A stone is dropped from a height of 45 m. What will be the distance travelled by it during the last second of its motion?
$\text{A}\text{. 30 m}$
$\text{B}\text{. 25 m}$
$\text{C}\text{. 15 m}$
$\text{D}\text{. 05 m}$

Answer 1

Hint: When an object is dropped from a height, it moves under the sole influence of gravitational force due to earth. This motion of objects under the influence of gravity is known as free fall.

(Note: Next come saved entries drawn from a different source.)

lemma HX_small_off_compact:
  assumes r: "continuous_map X B r" and a: "a \<in> HX X B r" and \<delta>: "\<delta> > 0"
  obtains K where "compactin B K" "\<And>x. x \<in> topspace X \<Longrightarrow> r x \<notin> K \<Longrightarrow> norm (a x) < \<delta>"
proof -
  have \<delta>2: "\<delta> / 2 > 0"
    using \<delta> by simp
  obtain s where s: "s \<in> Hspan X B r" "\<And>x. x \<in> topspace X \<Longrightarrow> norm (a x - s x) < \<delta> / 2"
    using HX_approx[OF a \<delta>2] by blast
  obtain K where K: "compactin B K" "\<And>x. x \<in> topspace X \<Longrightarrow> r x \<notin> K \<Longrightarrow> norm (s x) < \<delta> / 2"
    using Hspan_small_off_compact[OF r s(1) \<delta>2] by blast
  have "norm (a x) < \<delta>" if "x \<in> topspace X" "r x \<notin> K" for x
    using norm_triangle_sub[of "a x" "s x"] s(2)[OF that(1)] K(2)[OF that] by linarith
  with K(1) show ?thesis
    using that by blast
qed

lemma sum_power2_norm_less:
  fixes g :: "'i \<Rightarrow> 'v::real_normed_vector"
  assumes "finite F" "(\<Sum>j\<in>F. (norm (g j))\<^sup>2) < \<delta>\<^sup>2" "\<delta> > 0" "i \<in> F"
  shows "norm (g i) < \<delta>"
proof -
  have "(norm (g i))\<^sup>2 \<le> (\<Sum>j\<in>F. (norm (g j))\<^sup>2)"
    using assms(1,4) by (intro member_le_sum) auto
  then have "(norm (g i))\<^sup>2 < \<delta>\<^sup>2"
    using assms(2) by linarith
  then show ?thesis
    using assms(3) by (simp add: power_less_imp_less_base)
qed

lemma norm_one_minus_bound:
  fixes z :: complex
  assumes "Re z > 1/2" "norm (z * (1 - z)) < \<delta>"
  shows "norm (1 - z) < 2 * \<delta>"
proof -
  have "norm z > 1/2"
    using assms(1) complex_Re_le_cmod[of z] by linarith
  then have "1/2 * norm (1 - z) \<le> norm z * norm (1 - z)"
    by (intro mult_right_mono) auto
  then show ?thesis
    using assms(2) by (simp add: norm_mult)
qed

section \<open>Characters of H_X\<close>

locale HX_character =
  fixes X :: "'a topology" and B :: "'b topology" and r :: "'a \<Rightarrow> 'b"
    and p :: "('a \<Rightarrow> complex) \<Rightarrow> complex"
  assumes character: "p \<in> characters (HX X B r)"
begin

abbreviation H where "H \<equiv> HX X B r"

lemma char_add: "a \<in> H \<Longrightarrow> b \<in> H \<Longrightarrow> p (\<lambda>x. a x + b x) = p a + p b"
  using character by (simp add: characters_def)

lemma char_scale: "a \<in> H \<Longrightarrow> p (\<lambda>x. c * a x) = c * p a"
  using character by (simp add: characters_def)

lemma char_mult: "a \<in> H \<Longrightarrow> b \<in> H \<Longrightarrow> p (\<lambda>x. a x * b x) = p a * p b"
  using character by (simp add: characters_def)
(* Let $T>0$ and let $\mathbf u_i(t)$ (continuously differentiable) and $p_i(t)$, $i=1,\dots,N_h$, solve the semi-discrete scheme (S1)–(S2) on $[0,T]$. Set $d^{\rm add}_{ij}=d^u_{ij}-\nu s_{ij}$. Then $$\int_0^T\sum_{i=1}^{N_h}\sum_{j\in\mathcal N_i\setminus\{i\}}\Big[\frac{d^{\rm add}_{ij}}{2}|\mathbf u_j-\mathbf u_i|^2+\frac{d^p_{ij}}{2}(p_j-p_i)^2\Big]dt=\sum_{i=1}^{N_h}m_i\eta(\mathbf u_i(0))-\sum_{i=1}^{N_h}m_i\eta(\mathbf u_i(T)).$$
   Context: Setting. Let $d\in\{2,3\}$ and let $\Omega\subset\mathbb R^d$ be a box on which periodic boundary conditions are imposed (all functions on $\Omega$ are periodic, so $\Omega$ is effectively a flat torus and integration by parts produces no boundary terms). $\mathcal T_h$ is a conforming simplicial mesh of $\Omega$ compatible with periodicity, with (periodically identified) vertices $\mathbf x_1,\dots,\mathbf x_{N_h}$; $\varphi_1,\dots,\varphi_{N_h}$ are the continuous piecewise-linear Lagrange basis functions ($\varphi_i(\mathbf x_j)=\delta_{ij}$), $V_h=\mathrm{span}\{\varphi_i\}$, $\mathbf V_h=(V_h)^d$. For $v_h\in V_h$ write $v_i=v_h(\mathbf x_i)$; similarly $\mathbf u_h=\sum_j\mathbf u_j\varphi_j$ for vector-valued functions. $\mathcal N_i$ is the set of indices $j$ (including $j=i$) for which the supports of $\varphi_i,\varphi_j$ overlap. Coefficients: $m_{ij}=\int_\Omega\varphi_i\varphi_j\,dx$, $m_i=\int_\Omega\varphi_i\,dx$, $\mathbf c_{ij}=\int_\Omega\varphi_i\nabla\varphi_j\,dx$, $s_{ij}=\int_\Omega\nabla\varphi_i\cdot\nabla\varphi_j\,dx$, and, for a given $\mathbf u_h=\sum_j\mathbf u_j\varphi_j$, $\tilde a_{ij}=\frac{\mathbf u_i+\mathbf u_j}{2}\cdot\mathbf c_{ij}$ and $a_{ij}=\frac12\int_\Omega[\varphi_i\,\mathbf u_h\cdot\nabla\varphi_j-\varphi_j\,\mathbf u_h\cdot\nabla\varphi_i]\,dx$. The kinetic energy is $\eta(\mathbf u)=|\mathbf u|^2/2$. Scheme. Given a viscosity $\nu\ge 0$ and symmetric matrices $D^u=(d^u_{ij})$, $D^p=(d^p_{ij})$ with zero row sums ($\sum_j d^u_{ij}=\sum_j d^p_{ij}=0$) and $d^u_{ij}=d^p_{ij}=0$ for $j\notin\mathcal N_i$ (the entries $d^u_{ij}$ may depend on the current velocity), the semi-discrete scheme is the system, for all $i,k=1,\dots,N_h$, (S1) $m_i\frac{d\mathbf u_i}{dt}=\sum_{j\in\mathcal N_i}\big[(d^u_{ij}-\tilde a_{ij}-\nu s_{ij})\mathbf u_j-\mathbf c_{ij}p_j\big]$, (S2) $0=\sum_{j\in\mathcal N_k}\big[d^p_{kj}p_j-\mathbf c_{kj}\cdot\mathbf u_j\big]$, where $\tilde a_{ij}$ is computed from the current $\mathbf u_h(t)$. *)

theory Defs
  imports "HOL-Analysis.Analysis"
begin

text \<open>The box Omega is cbox 0 L (side lengths L). Periodicity is modelled on the
universal cover R^d: the mesh is lifted to a lattice-periodic simplicial mesh of R^d.\<close>

definition lattice :: "real^'d \<Rightarrow> (real^'d) set" where
  "lattice L = {z. \<forall>k. \<exists>n::int. z$k = of_int n * L$k}"

definition periodic_mesh :: "real^'d \<Rightarrow> (real^'d) set set \<Rightarrow> bool" where
  "periodic_mesh L Th \<longleftrightarrow>
     (\<forall>S\<in>Th. int CARD('d) simplex S) \<and>
     (\<forall>S\<in>Th. \<forall>S'\<in>Th. (S \<inter> S') face_of S \<and> (S \<inter> S') face_of S') \<and>
     \<Union>Th = UNIV \<and>
     (\<forall>S\<in>Th. \<forall>z\<in>lattice L. (\<lambda>y. z + y) ` S \<in> Th) \<and>
     (\<forall>S\<in>Th. \<exists>z\<in>lattice L. (\<lambda>y. z + y) ` S \<subseteq> cbox 0 L) \<and>
     (\<forall>B. bounded B \<longrightarrow> finite {S\<in>Th. S \<inter> B \<noteq> {}})"

definition mesh_vertices :: "(real^'d) set set \<Rightarrow> (real^'d) set" where
  "mesh_vertices Th = {v. \<exists>S\<in>Th. v extreme_point_of S}"

text \<open>x 1, ..., x N are the periodically identified vertices (one representative per
lattice class of mesh vertices) and phi i the continuous piecewise-linear Lagrange basis
function attached to x i (lifted periodically to R^d).\<close>
definition P1_nodal_basis ::
  "real^'d \<Rightarrow> (real^'d) set set \<Rightarrow> nat \<Rightarrow> (nat \<Rightarrow> real^'d) \<Rightarrow> (nat \<Rightarrow> real^'d \<Rightarrow> real) \<Rightarrow> bool" where
  "P1_nodal_basis L Th N x \<phi> \<longleftrightarrow>
     (\<forall>i\<in>{1..N}. x i \<in> mesh_vertices Th) \<and>
     (\<forall>v\<in>mesh_vertices Th. \<exists>!i. i \<in> {1..N} \<and> v - x i \<in> lattice L) \<and>
     (\<forall>i\<in>{1..N}. continuous_on UNIV (\<phi> i) \<and>
        (\<forall>S\<in>Th. \<exists>a b. \<forall>y\<in>S. \<phi> i y = a \<bullet> y + b) \<and>
        (\<forall>v\<in>mesh_vertices Th. \<phi> i v = (if v - x i \<in> lattice L then 1 else 0)))"

definition grad :: "(real^'d \<Rightarrow> real) \<Rightarrow> real^'d \<Rightarrow> real^'d" where
  "grad f y = (\<chi> k. frechet_derivative f (at y) (axis k 1))"

definition lumped_mass :: "real^'d \<Rightarrow> (nat \<Rightarrow> real^'d \<Rightarrow> real) \<Rightarrow> nat \<Rightarrow> real" where
  "lumped_mass L \<phi> i = integral (cbox 0 L) (\<phi> i)"

definition cmat :: "real^'d \<Rightarrow> (nat \<Rightarrow> real^'d \<Rightarrow> real) \<Rightarrow> nat \<Rightarrow> nat \<Rightarrow> real^'d" where
  "cmat L \<phi> i j = integral (cbox 0 L) (\<lambda>y. \<phi> i y *\<^sub>R grad (\<phi> j) y)"

definition stiff :: "real^'d \<Rightarrow> (nat \<Rightarrow> real^'d \<Rightarrow> real) \<Rightarrow> nat \<Rightarrow> nat \<Rightarrow> real" where
  "stiff L \<phi> i j = integral (cbox 0 L) (\<lambda>y. grad (\<phi> i) y \<bullet> grad (\<phi> j) y)"

definition nbhd :: "nat \<Rightarrow> (nat \<Rightarrow> real^'d \<Rightarrow> real) \<Rightarrow> nat \<Rightarrow> nat set" where
  "nbhd N \<phi> i = {j \<in> {1..N}. \<exists>y. \<phi> i y \<noteq> 0 \<and> \<phi> j y \<noteq> 0}"

definition eta :: "real^'d \<Rightarrow> real" where
  "eta u = (norm u)\<^sup>2 / 2"

end

(*
  Testing (S1) with u_i and summing over i gives the time derivative of the discrete kinetic
  energy sum_i m_i eta(u_i).  For a symmetric matrix W with zero row sums,
  sum_ij W_ij u_i.u_j = - sum_ij W_ij/2 |u_j - u_i|^2, which produces the dissipation terms of
  D^u - nu S and, after (S2) has been used to rewrite the pressure work, of D^p.  The convective
  term drops out because c_ij is skew-symmetric, and sum_j s_ij = 0 because the basis functions
  form a partition of unity, so their gradients sum to zero off the mesh skeleton.
  Skew-symmetry is integration by parts on the torus: c_ij + c_ji is the integral over the box of
  a partial derivative of the periodic, piecewise affine function phi_i phi_j, which vanishes.
*)

theory Submission
  imports Defs
begin

section \<open>Discrete energy balance\<close>

lemma sum_sum_swap_symmetric:
  assumes fin: "finite I" and sub: "\<And>i. nb i \<subseteq> I"
    and sym: "\<And>i j. i \<in> I \<Longrightarrow> j \<in> I \<Longrightarrow> j \<in> nb i \<longleftrightarrow> i \<in> nb j"
  shows "(\<Sum>i\<in>I. \<Sum>j\<in>nb i. f i j) = (\<Sum>i\<in>I. \<Sum>j\<in>nb i. f j i)"
proof -
  have nb_eq: "nb i = {j\<in>I. i \<in> nb j}" if "i \<in> I" for i
    using sub sym that by blast
  have "(\<Sum>i\<in>I. \<Sum>j\<in>nb i. f i j) = (\<Sum>i\<in>I. \<Sum>j\<in>{j\<in>I. i \<in> nb j}. f i j)"
    using nb_eq by (intro sum.cong) auto
  also have "\<dots> = (\<Sum>j\<in>I. \<Sum>i\<in>{i\<in>I. i \<in> nb j}. f i j)"
    by (rule sum.swap_restrict[OF fin fin])
  also have "\<dots> = (\<Sum>j\<in>I. \<Sum>i\<in>nb j. f i j)"
    using sub by (intro sum.cong refl) blast
  finally show ?thesis .
qed

lemma zero_row_sum_quadratic_form:
  fixes V :: "'i \<Rightarrow> 'a::real_inner"
  assumes fin: "finite I" and sub: "\<And>i. nb i \<subseteq> I"
    and sym: "\<And>i j. i \<in> I \<Longrightarrow> j \<in> I \<Longrightarrow> j \<in> nb i \<longleftrightarrow> i \<in> nb j"
    and W_sym: "\<And>i j. i \<in> I \<Longrightarrow> j \<in> I \<Longrightarrow> W i j = W j i"
    and W_row: "\<And>i. i \<in> I \<Longrightarrow> (\<Sum>j\<in>nb i. W i j) = 0"
  shows "(\<Sum>i\<in>I. \<Sum>j\<in>nb i. W i j * (V i \<bullet> V j))
       = - (\<Sum>i\<in>I. \<Sum>j\<in>nb i. W i j / 2 * (norm (V j - V i))\<^sup>2)"
proof -
  have diag: "(\<Sum>i\<in>I. \<Sum>j\<in>nb i. W i j * (V i \<bullet> V i)) = 0"
    by (simp add: sum_distrib_right[symmetric] W_row)
  have "(\<Sum>i\<in>I. \<Sum>j\<in>nb i. W i j * (V j \<bullet> V j)) = (\<Sum>i\<in>I. \<Sum>j\<in>nb i. W j i * (V i \<bullet> V i))"
    by (rule sum_sum_swap_symmetric[OF fin sub sym])
  also have "\<dots> = (\<Sum>i\<in>I. \<Sum>j\<in>nb i. W i j * (V i \<bullet> V i))"
    using sub W_sym by (intro sum.cong refl) (metis subsetD)
  finally have diag': "(\<Sum>i\<in>I. \<Sum>j\<in>nb i. W i j * (V j \<bullet> V j)) = 0"
    using diag by simp
  have "(\<Sum>i\<in>I. \<Sum>j\<in>nb i. W i j / 2 * (norm (V j - V i))\<^sup>2)
      = (\<Sum>i\<in>I. \<Sum>j\<in>nb i. W i j * (V j \<bullet> V j) / 2 - W i j * (V i \<bullet> V j) + W i j * (V i \<bullet> V i) / 2)"
    by (intro sum.cong refl) (simp add: power2_norm_eq_inner inner_diff algebra_simps inner_commute)
  also have "\<dots> = - (\<Sum>i\<in>I. \<Sum>j\<in>nb i. W i j * (V i \<bullet> V j))"
    using diag diag' by (simp add: sum.distrib sum_subtractf sum_divide_distrib[symmetric] sum_negf)
  finally show ?thesis by simp
qed
definition vD :: "nat \<Rightarrow> nat \<Rightarrow> rmat \<Rightarrow> (nat \<Rightarrow> rmat) \<Rightarrow> (nat \<Rightarrow> real) \<Rightarrow> real" where
  "vD n m C A b = Sup {bty m b y | y. psd n (Lmap m C A y)}"

definition mat_aff_comb :: "rmat set \<Rightarrow> rmat set" where
  "mat_aff_comb S = {W. \<exists>(k::nat) (c::nat \<Rightarrow> real) (Zs::nat \<Rightarrow> rmat). (\<forall>j<k. Zs j \<in> S) \<and> (\<Sum>j<k. c j) = 1 \<and>
       W = (\<lambda>a b. \<Sum>j<k. c j * Zs j a b)}"

definition mat_rel_interior :: "nat \<Rightarrow> rmat set \<Rightarrow> rmat set" where
  "mat_rel_interior n S = {Z \<in> S. \<exists>e>0. \<forall>W \<in> mat_aff_comb S.
       frob_norm n (\<lambda>a b. W a b - Z a b) < e \<longrightarrow> W \<in> S}"

definition sing_deg_one :: "nat \<Rightarrow> nat \<Rightarrow> rmat \<Rightarrow> (nat \<Rightarrow> rmat) \<Rightarrow> bool" where
  "sing_deg_one n m C A \<longleftrightarrow> (\<exists>y. psd n (Lmap m C A y)) \<and>
     (\<exists>X. psd n X \<and> X \<noteq> (\<lambda>a b. 0) \<and> frob n C X = 0 \<and> (\<forall>i<m. frob n (A i) X = 0) \<and>
        (\<exists>y. Lmap m C A y \<in> mat_rel_interior n {Z. psd n Z \<and> frob n Z X = 0}))"

definition rd1_obj :: "nat \<Rightarrow> nat \<Rightarrow> nat \<Rightarrow> rmat \<Rightarrow> (nat \<Rightarrow> rmat) \<Rightarrow> (nat \<Rightarrow> real) \<Rightarrow> real
    \<Rightarrow> real \<Rightarrow> (nat \<Rightarrow> real) \<Rightarrow> real" where
  "rd1_obj n m r C A b M \<alpha> y = bty m b y - norm12_sq n r (Lmap m C A y) / (M * \<alpha>)"

definition rd1_feas :: "nat \<Rightarrow> nat \<Rightarrow> rmat \<Rightarrow> (nat \<Rightarrow> rmat) \<Rightarrow> real \<Rightarrow> real \<Rightarrow> (nat \<Rightarrow> real) \<Rightarrow> bool" where
  "rd1_feas n m C A \<alpha> t y \<longleftrightarrow> psd n (\<lambda>a b. Lmap m C A y a b + t * \<alpha> * idm n a b)"

definition rd1_opt_seq :: "nat \<Rightarrow> nat \<Rightarrow> nat \<Rightarrow> rmat \<Rightarrow> (nat \<Rightarrow> rmat) \<Rightarrow> (nat \<Rightarrow> real) \<Rightarrow> real
    \<Rightarrow> real \<Rightarrow> real \<Rightarrow> (nat \<Rightarrow> nat \<Rightarrow> real) \<Rightarrow> bool" where
  "rd1_opt_seq n m r C A b M \<alpha> t ys \<longleftrightarrow>
     (\<forall>k. rd1_feas n m C A \<alpha> t (ys k)) \<and>
     ((\<lambda>k. ereal (rd1_obj n m r C A b M \<alpha> (ys k))) \<longlonglongrightarrow>
        (SUP y \<in> {y. rd1_feas n m C A \<alpha> t y}. ereal (rd1_obj n m r C A b M \<alpha> y)))"

end

theory Submission
  imports Defs
begin

text \<open>If X is primal feasible, every feasible point y of
  RD1(alpha,t) satisfies b^T y \<le> C \<bullet> X + t alpha tr X, because the trace inner product of two
  positive semidefinite matrices is nonnegative; for small t this is below v(P) + 1.
  Conversely, a near-optimal dual point with L12 = 0 is feasible for RD1(alpha,t) with the
  same objective, so the objective values of an optimal sequence eventually exceed
  v(D) - 1. The penalty ||L12||^2 / (M alpha) is then below v(P) - v(D) + 2.\<close>

definition unit_vec :: "nat \<Rightarrow> nat \<Rightarrow> real" where
  "unit_vec k i = (if i = k then 1 else 0)"

lemma sum_mult_unit_vec:
  assumes "k < n"
  shows "(\<Sum>i<n. f i * unit_vec k i) = f k" "(\<Sum>i<n. unit_vec k i * f i) = f k"
  using assms by (simp_all add: unit_vec_def if_distrib if_distribR cong: if_cong)

lemma Smat_sym: "Q \<in> Smat n \<Longrightarrow> Q i j = Q j i"
  unfolding Smat_def by (cases "i < n \<and> j < n") auto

The object accelerates with a constant acceleration due to gravity.

Complete step by step answer:

We know that the vertical distance covered by a freely falling body in time $t$ is given by
$h=ut-\dfrac{1}{2}g{{t}^{2}}$
Where
$h=$ Vertical distance covered
$u=$ Initial velocity
$t=$ Time period
$g=$ Acceleration due to gravity $\approx 10m{{s}^{-2}}$
Here the object is dropped so the initial velocity of the object is zero. Therefore the equation becomes
$h=-\dfrac{1}{2}g{{t}^{2}}$
Negative sign is used because we have assumed the origin at height $45m$ from where stone is dropped.
Using this equation, we can calculate the total time taken by the object to reach ground. Let us substitute the corresponding values:
$-45=-\dfrac{1}{2}\times 10\times {{t}^{2}}$
On rearranging we get
${{t}^{2}}=9{{s}^{2}}$
Or $t=3\text{ s}$
The distance travelled by stone can be calculated as
$\Delta {{h}_{t-1,t}}={{h}_{t}}-{{h}_{t-1}}$
Or $\Delta {{h}_{t-1,t}}=-\dfrac{1}{2}g[{{t}^{2}}-{{(t-1)}^{2}}]$
On substituting the value of $t=3s$ we get
$\Delta {{h}_{t-1,t}}=-\dfrac{1}{2}\times 10[{{3}^{2}}-{{2}^{2}}]$
$=-25m$
Negative sign here shows that the stone has fallen downward by 25 meter in the last second.

So, the correct answer is “Option B”.

Additional Information: This problem can also be solved by another method. For that, we will need to calculate velocities of stone at ${{t}^{th}}$ and ${{(t-1)}^{th}}$ second. Then we can use equation
${{v}^{2}}-{{u}^{2}}=2gh$. To calculate distance travelled at the last second.

Note: In such types of questions, sometimes students forget to consider the initial velocity of the object during free fall as zero. Students should take care of it. Sometimes students may also get confused and may calculate the distance covered by the object in the first second of the free fall.